As the answer, set down the lines below from the one containing "obtain W where" through the one containing "(\<lambda>(j, i). W", exactly and inclusively, and no others.

====== EXERCISE MATERIALS

lemma reduced_first_short:
  assumes R: "reduced r b" and "v \<in> lattice_of r b" and "\<exists>t<r. v t \<noteq> 0"
  shows "ip r (b 0) (b 0) \<le> 2 ^ (r - 1) * ip r v v"
proof -
  obtain z where z: "\<forall>t<r. v t = (\<Sum>i<r. real_of_int (z i) * b i t)"
    using \<open>v \<in> lattice_of r b\<close> unfolding lattice_of_def by blast
  define K where "K = {i. i < r \<and> z i \<noteq> 0}"
  have "K \<noteq> {}" using z \<open>\<exists>t<r. v t \<noteq> 0\<close> unfolding K_def by force
  moreover have "finite K" unfolding K_def by simp
  ultimately have k: "Max K < r" "z (Max K) \<noteq> 0"
    using Max_in[of K] unfolding K_def by auto
  have z_above: "\<forall>i. Max K < i \<and> i < r \<longrightarrow> z i = 0"
    using Max_ge[OF \<open>finite K\<close>] unfolding K_def by fastforce
  have B: "is_basis r b" using R unfolding reduced_def by simp
  have "ip r (b 0) (b 0) \<le> 2 ^ Max K * ip r (gs r b (Max K)) (gs r b (Max K))"
    using reduced_first_le_gs_norm[OF R k(1)] .
  also have "\<dots> \<le> 2 ^ Max K * ip r v v"
    using gs_norm_le_lattice_vec[OF B z k z_above] by simp
  also have "\<dots> \<le> 2 ^ (r - 1) * ip r v v"
    using k(1) by (intro mult_right_mono power_increasing ip_self_nonneg) auto
  finally show ?thesis .
qed

section \<open>Determinants of bases\<close>

definition basis_mat :: "nat \<Rightarrow> (nat \<Rightarrow> nat \<Rightarrow> real) \<Rightarrow> real mat" where
  "basis_mat r b = mat r r (\<lambda>(t, i). b i t)"

lemma scalar_prod_vec [simp]: "vec r f \<bullet> vec r g = (\<Sum>i<r. f i * g i)"
  unfolding scalar_prod_def by (simp add: atLeast0LessThan)

lemma mat_mult_mat_index:
  "i < r \<Longrightarrow> j < r \<Longrightarrow> (mat r r f * mat r r g) $$ (i, j) = (\<Sum>k<r. f (i, k) * g (k, j))"
  by simp

lemma det_basis_mat_sq: "(det (basis_mat r b))\<^sup>2 = (\<Prod>i<r. ip r (gs r b i) (gs r b i))"
proof -
  define G where "G = mat r r (\<lambda>(t, i). gs r b i t)"
  define U where "U = mat r r (\<lambda>(j, i). if j = i then 1 else if j < i then gs_mu r b i j else 0)"
  have G: "G \<in> carrier_mat r r" and U: "U \<in> carrier_mat r r" by (simp_all add: G_def U_def)
  have BGU: "basis_mat r b = G * U"
  proof (rule eq_matI)
    fix t i assume "t < dim_row (G * U)" "i < dim_col (G * U)"
    then have t: "t < r" and i: "i < r" by (simp_all add: G_def U_def)
    have "(G * U) $$ (t, i) = (\<Sum>j<r. gs r b j t * (if j = i then 1 else if j < i then gs_mu r b i j else 0))"
      unfolding G_def U_def by (simp add: mat_mult_mat_index t i)
    also have "\<dots> = (\<Sum>j\<in>insert i {..<i}. gs r b j t * (if j = i then 1 else if j < i then gs_mu r b i j else 0))"
      by (rule sum.mono_neutral_right) (use i in auto)
    also have "\<dots> = b i t"
      using basis_vec_eq_gs_sum[of b i t] by (simp add: mult.commute)
    finally show "basis_mat r b $$ (t, i) = (G * U) $$ (t, i)"
      unfolding basis_mat_def using t i by simp
  qed (simp_all add: basis_mat_def G_def U_def)
  have det_U: "det U = 1"
    using det_upper_triangular[OF _ U] unfolding prod_list_diag_prod
    by (auto simp: upper_triangular_def U_def)
  have GtG: "(transpose_mat G * G) $$ (i, j) = ip r (gs r b i) (gs r b j)" if "i < r" "j < r" for i j
    using that unfolding G_def ip_def by simp
  have "upper_triangular (transpose_mat G * G)"
    unfolding upper_triangular_def using GtG gs_orthogonal by (auto simp: G_def)
  have "det G * det G = det (transpose_mat G * G)"
    using det_mult[of "transpose_mat G" r G] G det_transpose[OF G] by simp
  also have "\<dots> = prod_list (diag_mat (transpose_mat G * G))"
    using G \<open>upper_triangular (transpose_mat G * G)\<close> by (intro det_upper_triangular) auto
  also have "\<dots> = (\<Prod>i<r. ip r (gs r b i) (gs r b i))"
    unfolding prod_list_diag_prod using GtG by (simp add: G_def atLeast0LessThan)
  finally show ?thesis
    using det_mult[OF G U] BGU det_U by (simp add: power2_eq_square)
qed

lemma reduced_first_pow_le_det:
  assumes R: "reduced r b"
  shows "(ip r (b 0) (b 0)) ^ r \<le> 2 ^ (\<Sum>i<r. i) * (det (basis_mat r b))\<^sup>2"
proof -
  have "(ip r (b 0) (b 0)) ^ r = (\<Prod>i<r. ip r (b 0) (b 0))" by simp
  also have "\<dots> \<le> (\<Prod>i<r. 2 ^ i * ip r (gs r b i) (gs r b i))"
    by (rule prod_mono) (auto simp: ip_self_nonneg reduced_first_le_gs_norm[OF R])
  also have "\<dots> = 2 ^ (\<Sum>i<r. i) * (det (basis_mat r b))\<^sup>2"
    by (simp add: prod.distrib power_sum det_basis_mat_sq)
  finally show ?thesis .
qed

lemma basis_vec_in_lattice:
  assumes "i < r"
  shows "b i \<in> lattice_of r b"
proof -
  have "(\<Sum>j<r. real_of_int (if j = i then 1 else 0) * b j t) = b i t" for t
  proof -
    have "(\<Sum>j<r. real_of_int (if j = i then 1 else 0) * b j t) = (\<Sum>j<r. if j = i then b j t else 0)"
      by (rule sum.cong) auto
    then show ?thesis using assms by (simp add: sum.delta')
  qed
  then show ?thesis
    unfolding lattice_of_def by (intro CollectI exI[of _ "\<lambda>j. if j = i then 1 else 0"] allI impI) simp
qed

lemma lattice_subset_int_comb:
  assumes "lattice_of r b' \<subseteq> lattice_of r b"
  obtains Z where "\<forall>i<r. \<forall>t<r. b' i t = (\<Sum>j<r. real_of_int (Z i j) * b j t)"
proof -
  have "\<forall>i. \<exists>z. i < r \<longrightarrow> (\<forall>t<r. b' i t = (\<Sum>j<r. real_of_int (z j) * b j t))"
    using basis_vec_in_lattice[of _ r b'] assms unfolding lattice_of_def by blast
  from choice[OF this] obtain Z
    where "\<forall>i. i < r \<longrightarrow> (\<forall>t<r. b' i t = (\<Sum>j<r. real_of_int (Z i j) * b j t))"
    by blast
  then show thesis using that by blast
qed

lemma basis_mat_int_comb:
  assumes "\<forall>i<r. \<forall>t<r. b' i t = (\<Sum>j<r. real_of_int (Z i j) * b j t)"
  shows "basis_mat r b' = basis_mat r b * map_mat real_of_int (mat r r (\<lambda>(j, i). Z i j))"
proof -
  have "map_mat real_of_int (mat r r (\<lambda>(j, i). Z i j)) = mat r r (\<lambda>(j, i). real_of_int (Z i j))"
    by (rule eq_matI) auto
  then show ?thesis
    unfolding basis_mat_def by (auto simp: assms mult.commute intro!: eq_matI)
qed

text \<open>Two bases of the same lattice differ by integer matrices inverse to each other, whose
  determinants are therefore \<open>\<plusminus>1\<close>.\<close>

lemma det_sq_eq_if_lattice_eq:
  assumes L: "lattice_of r b = lattice_of r b'" and nz: "det (basis_mat r b) \<noteq> 0"
  shows "(det (basis_mat r b'))\<^sup>2 = (det (basis_mat r b))\<^sup>2"
proof -
  obtain Z where Z: "\<forall>i<r. \<forall>t<r. b' i t = (\<Sum>j<r. real_of_int (Z i j) * b j t)"
    using lattice_subset_int_comb[of r b' b] L by auto
  obtain W where W: "\<forall>i<r. \<forall>t<r. b i t = (\<Sum>j<r. real_of_int (W i j) * b' j t)"
    using lattice_subset_int_comb[of r b b'] L by auto
  let ?Z = "mat r r (\<lambda>(j, i). Z i j)" and ?W = "mat r r (\<lambda>(j, i). W i j)"
  have car: "basis_mat r b \<in> carrier_mat r r" "basis_mat r b' \<in> carrier_mat r r"
    "map_mat real_of_int ?Z \<in> carrier_mat r r" "map_mat real_of_int ?W \<in> carrier_mat r r"
    by (simp_all add: basis_mat_def)
  have dZ: "det (basis_mat r b') = det (basis_mat r b) * real_of_int (det ?Z)"
    using det_mult[OF car(1,3)] basis_mat_int_comb[OF Z] by simp
  have dW: "det (basis_mat r b) = det (basis_mat r b') * real_of_int (det ?W)"
    using det_mult[OF car(2,4)] basis_mat_int_comb[OF W] by simp
  have "det (basis_mat r b) * (real_of_int (det ?Z) * real_of_int (det ?W)) = det (basis_mat r b) * 1"
    using dZ dW by (metis mult.assoc mult_1_right)
  then have "real_of_int (det ?Z * det ?W) = 1" using nz by simp
  then have "det ?Z * det ?W = 1" by linarith
  then have "(det ?Z)\<^sup>2 = 1" using zmult_eq_1_iff by (auto simp: power2_eq_square)
  then have "(real_of_int (det ?Z))\<^sup>2 = 1" by (metis of_int_1 of_int_power)
  then show ?thesis using dZ by (simp add: power_mult_distrib)
qed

============

THE COMPLETED TASK:
  obtain W where W: "\<forall>i<r. \<forall>t<r. b i t = (\<Sum>j<r. real_of_int (W i j) * b' j t)"
    using lattice_subset_int_comb[of r b b'] L by auto
  let ?Z = "mat r r (\<lambda>(j, i). Z i j)" and ?W = "mat r r (\<lambda>(j, i). W i j)"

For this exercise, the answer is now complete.